(Beginning of Data listing)
definition adj :: "(nat \<times> nat) set \<Rightarrow> nat \<Rightarrow> nat set \<Rightarrow> nat set \<Rightarrow> bool" where
  "adj F n C C' \<longleftrightarrow>
     (\<exists>i\<in>C. \<exists>j\<in>C'. 1 \<le> i \<and> i < j \<and> j \<le> n \<and> (i + 1, j - 1) \<in> F) \<or>
     (\<exists>i\<in>C'. \<exists>j\<in>C. 1 \<le> i \<and> i < j \<and> j \<le> n \<and> (i + 1, j - 1) \<in> F)"

definition proper_coloring :: "(nat \<times> nat) set \<Rightarrow> nat \<Rightarrow> (nat set \<Rightarrow> 'b) \<Rightarrow> bool" where
  "proper_coloring F n \<psi> \<longleftrightarrow>
     (\<forall>C\<in>verts F n. \<forall>C'\<in>verts F n. adj F n C C' \<longrightarrow> \<psi> C \<noteq> \<psi> C')"

definition chromatic_number :: "(nat \<times> nat) set \<Rightarrow> nat \<Rightarrow> nat" where
  "chromatic_number F n =
     (LEAST k. \<exists>\<psi> :: nat set \<Rightarrow> nat. proper_coloring F n \<psi> \<and> card (\<psi> ` verts F n) = k)"

definition string_of :: "(nat \<times> nat) set \<Rightarrow> nat \<Rightarrow> (nat set \<Rightarrow> 'b) \<Rightarrow> 'b list" where
  "string_of F n \<psi> = map (\<lambda>i. \<psi> (comp F n i)) [1..<n + 1]"

definition coloring_of :: "'b list \<Rightarrow> nat set \<Rightarrow> 'b" where
  "coloring_of T C = T ! ((SOME i. i \<in> C) - 1)"

end

theory Submission
  imports Defs
begin

text \<open>The Manacher array of a string records, for every centre, the largest palindromic radius, and
  palindromes are closed under shrinking around their centre; so two strings of equal length have
  the same Manacher array iff they have the same palindromes. Every palindrome of S extends
  concentrically to a maximal one, and a palindrome T[i+1..j-1] extends to T[i..j] iff T[i] = T[j].
  Hence T has the palindromes of S iff every maximal palindrome of S is a palindrome of T and
  T[i] \<noteq> T[j] whenever S[i+1..j-1] is a maximal palindrome that can still be extended within
  the string. The first condition says that T is constant on the components of the equality
  graph, the second that the induced colouring of the restriction graph is proper.\<close>

lemma pal_trivial: "j \<le> i \<Longrightarrow> i \<le> j + 1 \<Longrightarrow> pal S i j"
  unfolding pal_def by (auto simp: le_Suc_eq)

lemma pal_iff_ends:
  assumes "i < j"
  shows "pal S i j \<longleftrightarrow> S ! (i - 1) = S ! (j - 1) \<and> pal S (i + 1) (j - 1)"
proof
  assume p: "pal S i j"
  have "S ! (i - 1) = S ! (j - 1)" using p[unfolded pal_def, rule_format, of i] assms by simp
  moreover have "pal S (i + 1) (j - 1)"
    unfolding pal_def
  proof (intro allI impI)
    fix k assume "i + 1 \<le> k \<and> k \<le> j - 1"
    then show "S ! (k - 1) = S ! (i + 1 + (j - 1) - k - 1)"
      using p[unfolded pal_def, rule_format, of k] assms by auto
  qed
  ultimately show "S ! (i - 1) = S ! (j - 1) \<and> pal S (i + 1) (j - 1)" ..
next
  assume ends: "S ! (i - 1) = S ! (j - 1) \<and> pal S (i + 1) (j - 1)"
  show "pal S i j"
    unfolding pal_def
  proof (intro allI impI)
    fix k assume k: "i \<le> k \<and> k \<le> j"
    show "S ! (k - 1) = S ! (i + j - k - 1)"
    proof (cases "k = i \<or> k = j")
      case True
      then show ?thesis using ends assms by auto
    next
      case False
      then have "i + 1 \<le> k \<and> k \<le> j - 1" using k by auto
      then show ?thesis using ends[THEN conjunct2, unfolded pal_def, rule_format, of k] assms by auto
    qed
  qed
qed

lemma pal_concentric:
  assumes "pal S a b" "a \<le> i" "i + j = a + b"
  shows "pal S i j"
  unfolding pal_def
proof (intro allI impI)
  fix k assume "i \<le> k \<and> k \<le> j"
  then show "S ! (k - 1) = S ! (i + j - k - 1)"
    using assms(1)[unfolded pal_def, rule_format, of k] assms(2,3) by auto
qed

lemma fingerprintD:
  assumes "(a, b) \<in> fingerprint S"
  shows "pal S a b" "1 \<le> a" "b \<le> length S" "a \<le> b + 1"
  using assms unfolding fingerprint_def by auto

lemma pal_extends_to_fingerprint:
  "pal S i j \<Longrightarrow> 1 \<le> i \<Longrightarrow> i \<le> j + 1 \<Longrightarrow> j \<le> length S \<Longrightarrow>
   \<exists>(a, b) \<in> fingerprint S. a \<le> i \<and> a + b = i + j"
proof (induction i arbitrary: j rule: less_induct)
  case (less i)
  show ?case
  proof (cases "i = 1 \<or> j = length S \<or> \<not> pal S (i - 1) (j + 1)")
    case True
    then have "(i, j) \<in> fingerprint S" using less.prems unfolding fingerprint_def by auto
    then show ?thesis by blast
  next
    case False
    then have "pal S (i - 1) (j + 1)" "1 \<le> i - 1" "j + 1 \<le> length S"
      using less.prems by auto
    with less.IH[of "i - 1" "j + 1"] less.prems
    have "\<exists>(a, b) \<in> fingerprint S. a \<le> i - 1 \<and> a + b = i - 1 + (j + 1)"
      by auto
    then obtain a b where "(a, b) \<in> fingerprint S" "a \<le> i - 1" "a + b = i - 1 + (j + 1)"
      by blast
    then show ?thesis using less.prems by (intro bexI[of _ "(a, b)"]) auto
  qed
qed

lemma le_Greatest_iff_downward_closed:
  fixes P :: "nat \<Rightarrow> bool"
  assumes "P 0" and bounded: "\<And>r. P r \<Longrightarrow> r \<le> b" and closed: "\<And>r s. P r \<Longrightarrow> s \<le> r \<Longrightarrow> P s"
  shows "s \<le> (GREATEST r. P r) \<longleftrightarrow> P s"
proof
  assume "s \<le> (GREATEST r. P r)"
  moreover have "P (GREATEST r. P r)" using GreatestI_nat[of P 0 b] assms by blast
  ultimately show "P s" using closed by blast
qed (use Greatest_le_nat[of P _ b] bounded in blast)

lemma length_manacher: "length (manacher S) = 2 * length S"
  unfolding manacher_def by (simp del: upt_Suc)

text \<open>The entry with 0-based index m of the Manacher array measures the palindromes S[i..j] with
  i + j = m + 2; both parities are written with the same radius r = j - (m div 2 + 1).\<close>

lemma manacher_nth:
  assumes "m < 2 * length S"
  shows "manacher S ! m = (GREATEST r. r < (m + 3) div 2 \<and> m div 2 + 1 + r \<le> length S
                                      \<and> pal S ((m + 3) div 2 - r) (m div 2 + 1 + r))"
    (is "_ = ?rhs")
proof -
  have "manacher S ! m = (if odd (m + 1) then
        (GREATEST r. r + 1 \<le> (m + 2) div 2 \<and> (m + 2) div 2 + r \<le> length S
                     \<and> pal S ((m + 2) div 2 - r) ((m + 2) div 2 + r))
      else
        (GREATEST r. r \<le> (m + 1) div 2 \<and> (m + 1) div 2 + r \<le> length S
                     \<and> pal S ((m + 1) div 2 - r + 1) ((m + 1) div 2 + r)))"
    using assms unfolding manacher_def by (simp del: upt_Suc)
  also have "\<dots> = ?rhs"
  proof (cases "even m")
    case True
    then obtain t where "m = 2 * t" by blast
    then show ?thesis by (simp add: less_Suc_eq_le)
  next
    case False
    then obtain t where m: "m = 2 * t + 1" by (blast elim: oddE)
    have "(r \<le> t + 1 \<and> t + 1 + r \<le> length S \<and> pal S (t + 1 - r + 1) (t + 1 + r)) \<longleftrightarrow>
          (r < t + 2 \<and> t + 1 + r \<le> length S \<and> pal S (t + 2 - r) (t + 1 + r))" for r
      by (cases "r \<le> t + 1") (simp_all add: Suc_diff_le)
    then show ?thesis using m by simp
  qed
  finally show ?thesis .
qed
(End of Data listing)
Task instructions:
Only the lines from the one containing "(GREATEST r. r \<le>" through the last line of the records belong in the answer, each written out exactly.

Result of the exercise:
        (GREATEST r. r \<le> (m + 1) div 2 \<and> (m + 1) div 2 + r \<le> length S
                     \<and> pal S ((m + 1) div 2 - r + 1) ((m + 1) div 2 + r)))"
    using assms unfolding manacher_def by (simp del: upt_Suc)
  also have "\<dots> = ?rhs"
  proof (cases "even m")
    case True
    then obtain t where "m = 2 * t" by blast
    then show ?thesis by (simp add: less_Suc_eq_le)
  next
    case False
    then obtain t where m: "m = 2 * t + 1" by (blast elim: oddE)
    have "(r \<le> t + 1 \<and> t + 1 + r \<le> length S \<and> pal S (t + 1 - r + 1) (t + 1 + r)) \<longleftrightarrow>
          (r < t + 2 \<and> t + 1 + r \<le> length S \<and> pal S (t + 2 - r) (t + 1 + r))" for r
      by (cases "r \<le> t + 1") (simp_all add: Suc_diff_le)
    then show ?thesis using m by simp
  qed
  finally show ?thesis .
qed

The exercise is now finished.